2.3 The problem of multiple agents

The MDP model commonly used in reinforcement learning considers a single agent only. However, for more general problems, it is common that several agents interact with each other in a single environment. For example, in many team-based tasks, several agents act as a team to achieve a common goal. These fully cooperative multi-agent problems are usually modeled as a stochastic game with a universal reward function shared among all agents [13, 14]. On the other hand, in many competitive games, we are also interested in finding the equilibrium of agents’ strategy. These problems are naturally modeled as a stochastic game with agent-specific reward functions. And in more complicated cases, there is cooperation within a team and competition between teams at the same time. We may want to share information (agent’s observation) within a team and act as a whole (collaboratively) from other teams’ perspective. For these problems, we would like to construct an environment with structured observations and actions for training homogeneous agents, as well as to set up a game between heterogeneous agents trained with different observations and action spaces for evaluation. We find that wrapping all observation and action transformations on the environment may not be adequate for these needs.

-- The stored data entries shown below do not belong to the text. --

(* Let $K$ be a field of characteristic zero. For $0\le i\le n-1$ let $E_i$ be the injective hull of $K$ over $K[X_1,\ldots,X_i]$ ($E_0=K$), and let $E_{n-1}[X_n]=\bigoplus_{j\ge0}E_{n-1}X_n^j$ (which is isomorphic to $H^{n-1}_{(X_1,\ldots,X_{n-1})}(K[X_1,\ldots,X_n])$). Then for $c=1,\ldots,n$, \[H_i(\partial_c,\partial_{c+1},\ldots,\partial_n;E_{n-1}[X_n])=\begin{cases}0& i\ne1,\\ E_{c-1}& i=1.\end{cases}\]
   Context: $E_i=\bigoplus_{r_1,\ldots,r_i\ge0}K\,\frac{1}{X_1\cdots X_iX_1^{r_1}\cdots X_i^{r_i}}$, where $X_j$ lowers $r_j$ by one (giving $0$ if $r_j=0$) and $\partial_j$ sends the basis element with exponent $r_j$ to $(-r_j-1)$ times the one with $r_j$ replaced by $r_j+1$. On $E_{n-1}[X_n]$, $X_j,\partial_j$ ($j<n$) act on the $E_{n-1}$ factor and $X_n,\partial_n$ act on the polynomial variable $X_n$ by multiplication and differentiation. $H_i(\partial_c,\ldots,\partial_n;N)$ is the $i$-th Koszul homology with respect to the commuting $K$-linear maps $\partial_c,\ldots,\partial_n$. *)

theory Defs
  imports Main
begin

text \<open>Multi-indices are functions nat => nat; coordinate k (1 <= k <= m) is the exponent
 of variable k.  A basis vector of E_m with exponent vector r stands for
 1/(X_1...X_m X_1^r_1...X_m^r_m).\<close>

definition valid_idx :: "nat \<Rightarrow> (nat \<Rightarrow> nat) \<Rightarrow> bool" where
  "valid_idx m a \<longleftrightarrow> (\<forall>k. (k = 0 \<or> m < k) \<longrightarrow> a k = 0)"

text \<open>Emod i models E_i; Emod n models E_(n-1)[X_n], where coordinate n is
 the exponent of the polynomial variable X_n.\<close>
definition Emod :: "nat \<Rightarrow> ((nat \<Rightarrow> nat) \<Rightarrow> 'a::zero) set" where
  "Emod m = {f. finite {a. f a \<noteq> 0} \<and> (\<forall>a. f a \<noteq> 0 \<longrightarrow> valid_idx m a)}"

text \<open>X_k on the inverse-monomial part: lowers r_k by one (0 if r_k = 0).\<close>
definition Xloc :: "nat \<Rightarrow> ((nat \<Rightarrow> nat) \<Rightarrow> 'a) \<Rightarrow> (nat \<Rightarrow> nat) \<Rightarrow> 'a" where
  "Xloc k f = (\<lambda>a. f (a(k := Suc (a k))))"

text \<open>d_k on the inverse-monomial part: basis(r) maps to (-r_k-1) basis(r + e_k).\<close>
definition Dloc :: "nat \<Rightarrow> ((nat \<Rightarrow> nat) \<Rightarrow> 'a::comm_ring_1) \<Rightarrow> (nat \<Rightarrow> nat) \<Rightarrow> 'a" where
  "Dloc k f = (\<lambda>a. if a k = 0 then 0 else - of_nat (a k) * f (a(k := a k - 1)))"

definition Xpol :: "nat \<Rightarrow> ((nat \<Rightarrow> nat) \<Rightarrow> 'a::zero) \<Rightarrow> (nat \<Rightarrow> nat) \<Rightarrow> 'a" where
  "Xpol k f = (\<lambda>a. if a k = 0 then 0 else f (a(k := a k - 1)))"

definition Dpol :: "nat \<Rightarrow> ((nat \<Rightarrow> nat) \<Rightarrow> 'a::comm_semiring_1) \<Rightarrow> (nat \<Rightarrow> nat) \<Rightarrow> 'a" where
  "Dpol k f = (\<lambda>a. of_nat (Suc (a k)) * f (a(k := Suc (a k))))"

definition DN :: "nat \<Rightarrow> nat \<Rightarrow> ((nat \<Rightarrow> nat) \<Rightarrow> 'a::comm_ring_1) \<Rightarrow> (nat \<Rightarrow> nat) \<Rightarrow> 'a" where
  "DN n k = (if k < n then Dloc k else Dpol k)"

definition KC :: "nat \<Rightarrow> nat \<Rightarrow> nat \<Rightarrow> (nat set \<Rightarrow> (nat \<Rightarrow> nat) \<Rightarrow> 'a::zero) set" where
  "KC n c i = {z. (\<forall>S. z S \<in> Emod n) \<and> (\<forall>S. z S \<noteq> (\<lambda>a. 0) \<longrightarrow> S \<subseteq> {c..n} \<and> card S = i)}"

text \<open>Koszul differential: d(e_S m) = sum over s in S of (-1)^#{t in S. t < s} e_(S-{s}) d_s m.\<close>
definition kd :: "nat \<Rightarrow> nat \<Rightarrow> (nat set \<Rightarrow> (nat \<Rightarrow> nat) \<Rightarrow> 'a::comm_ring_1)
                   \<Rightarrow> nat set \<Rightarrow> (nat \<Rightarrow> nat) \<Rightarrow> 'a" where
  "kd n c z = (\<lambda>T a. if T \<subseteq> {c..n} then
      (\<Sum>s\<in>{c..n} - T. (-1) ^ card {t\<in>T. t < s} * DN n s (z (insert s T)) a) else 0)"

definition Kcycles :: "nat \<Rightarrow> nat \<Rightarrow> nat \<Rightarrow> (nat set \<Rightarrow> (nat \<Rightarrow> nat) \<Rightarrow> 'a::comm_ring_1) set" where
  "Kcycles n c i = {z \<in> KC n c i. kd n c z = (\<lambda>T a. 0)}"

definition Kbound :: "nat \<Rightarrow> nat \<Rightarrow> nat \<Rightarrow> (nat set \<Rightarrow> (nat \<Rightarrow> nat) \<Rightarrow> 'a::comm_ring_1) set" where
  "Kbound n c i = kd n c ` KC n c (Suc i)"

definition Kacyclic_at :: "nat \<Rightarrow> nat \<Rightarrow> nat \<Rightarrow> 'a::comm_ring_1 itself \<Rightarrow> bool" where
  "Kacyclic_at n c i (_::'a itself) \<longleftrightarrow> (Kcycles n c i :: (nat set \<Rightarrow> (nat \<Rightarrow> nat) \<Rightarrow> 'a) set) \<subseteq> Kbound n c i"

definition H1_iso :: "nat \<Rightarrow> nat \<Rightarrow> (((nat \<Rightarrow> nat) \<Rightarrow> 'a::comm_ring_1) \<Rightarrow> nat set \<Rightarrow> (nat \<Rightarrow> nat) \<Rightarrow> 'a) \<Rightarrow> bool" where
  "H1_iso n c \<phi> \<longleftrightarrow>
     (\<forall>e\<in>Emod (c - 1). \<phi> e \<in> Kcycles n c 1)
   \<and> (\<forall>x\<in>Emod (c - 1). \<forall>y\<in>Emod (c - 1).
        \<phi> (\<lambda>a. x a + y a) = (\<lambda>S a. \<phi> x S a + \<phi> y S a))
   \<and> (\<forall>s. \<forall>x\<in>Emod (c - 1). \<phi> (\<lambda>a. s * x a) = (\<lambda>S a. s * \<phi> x S a))
   \<and> (\<forall>z\<in>Kcycles n c 1. \<exists>!e. e \<in> Emod (c - 1) \<and> (\<lambda>S a. z S a - \<phi> e S a) \<in> Kbound n c 1)
   \<and> (\<forall>j. 1 \<le> j \<and> j < c \<longrightarrow> (\<forall>x\<in>Emod (c - 1).
        (\<lambda>S a. \<phi> (Xloc j x) S a - Xloc j (\<phi> x S) a) \<in> Kbound n c 1
      \<and> (\<lambda>S a. \<phi> (Dloc j x) S a - Dloc j (\<phi> x S) a) \<in> Kbound n c 1))"

end

theory Submission
  imports Defs "HOL-Library.Function_Algebras"
begin

text \<open>The Koszul complex of d_c, ..., d_n is the mapping cone of d_c acting on the Koszul
  complex of d_(c+1), ..., d_n, so we induct downwards on c.  For c = n, d_n = d/dX_n is surjective
  on E_(n-1)[X_n] with kernel E_(n-1) (this needs characteristic zero), so the homology is E_(n-1),
  concentrated in degree 1.  In the inductive step the smaller complex has homology E_c in degree 1,
  on which d_c is injective with cokernel E_(c-1), the part with r_c = 0; the long exact sequence
  of the cone then leaves exactly E_(c-1) in degree 1.  An element e of E_(c-1) is represented by
  the 1-cycle e \<otimes> e_{n}.\<close>

lemma Emod_add: "(f :: _ \<Rightarrow> 'a::monoid_add) \<in> Emod m \<Longrightarrow> g \<in> Emod m \<Longrightarrow> f + g \<in> Emod m"
proof -
  assume f: "f \<in> Emod m" and g: "g \<in> Emod m"
  have "{a. (f + g) a \<noteq> 0} \<subseteq> {a. f a \<noteq> 0} \<union> {a. g a \<noteq> 0}" by auto
  then show ?thesis using f g unfolding Emod_def by (auto intro: finite_subset)
qed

Figure 1: Left: A standard loop in reinforcement learning: agents receive observation (and reward) from the environment; And the environment receives agents actions then evolves to next state. Right: A gym wrapper can change the observation, reward, and action space of the wrapped environment, thus is convenient for training learn-able agents with structured inputs and outputs.

2.4 A solution for multi-agent: The Arena Interface

To deal with these problems, we try to provide more flexible “wrapper”s for multi-agent training and testing. Therefore, we introduce the Arena Interface. The concept of Interface is like Wrapper in OpenAI Gym. In each multi-agent environment, the observations for agents are wrapped in a tuple, as well as rewards and actions, which is similar to the Gym-like design in [15, 16]. With each Interface, we can transform the observation and action from input or previous interface to the next one. The Interface is designed with 4 rules:

  • Interfaces can be stacked and combined to form a new Interface.

  • Interfaces can be wrapped on both environment and agent.

  • Interfaces can be wrapped on multiple agents to form a team.

  • Interfaces should be compatible with Gym Wrappers when wrapped on an environment.

We will elaborate on these points in the following paragraphs. A rigorous definition (class template) of Interface can be found in the source code.

2.4.1 Stacking and Combining

Similar to Gym wrappers, Interfaces can be stacked together simply as [frame=single] itf1 = I1(None) itf2 = I2(itf1) which stacked a new interface I2 over I1. In the environment-agent loop, the observation from environment is firstly processed by I1, and the result is further processed by I2. The action outputted by agent is firstly processed by I2, and then by I1. The RL loop with these interfaces is depicted in Figure 2.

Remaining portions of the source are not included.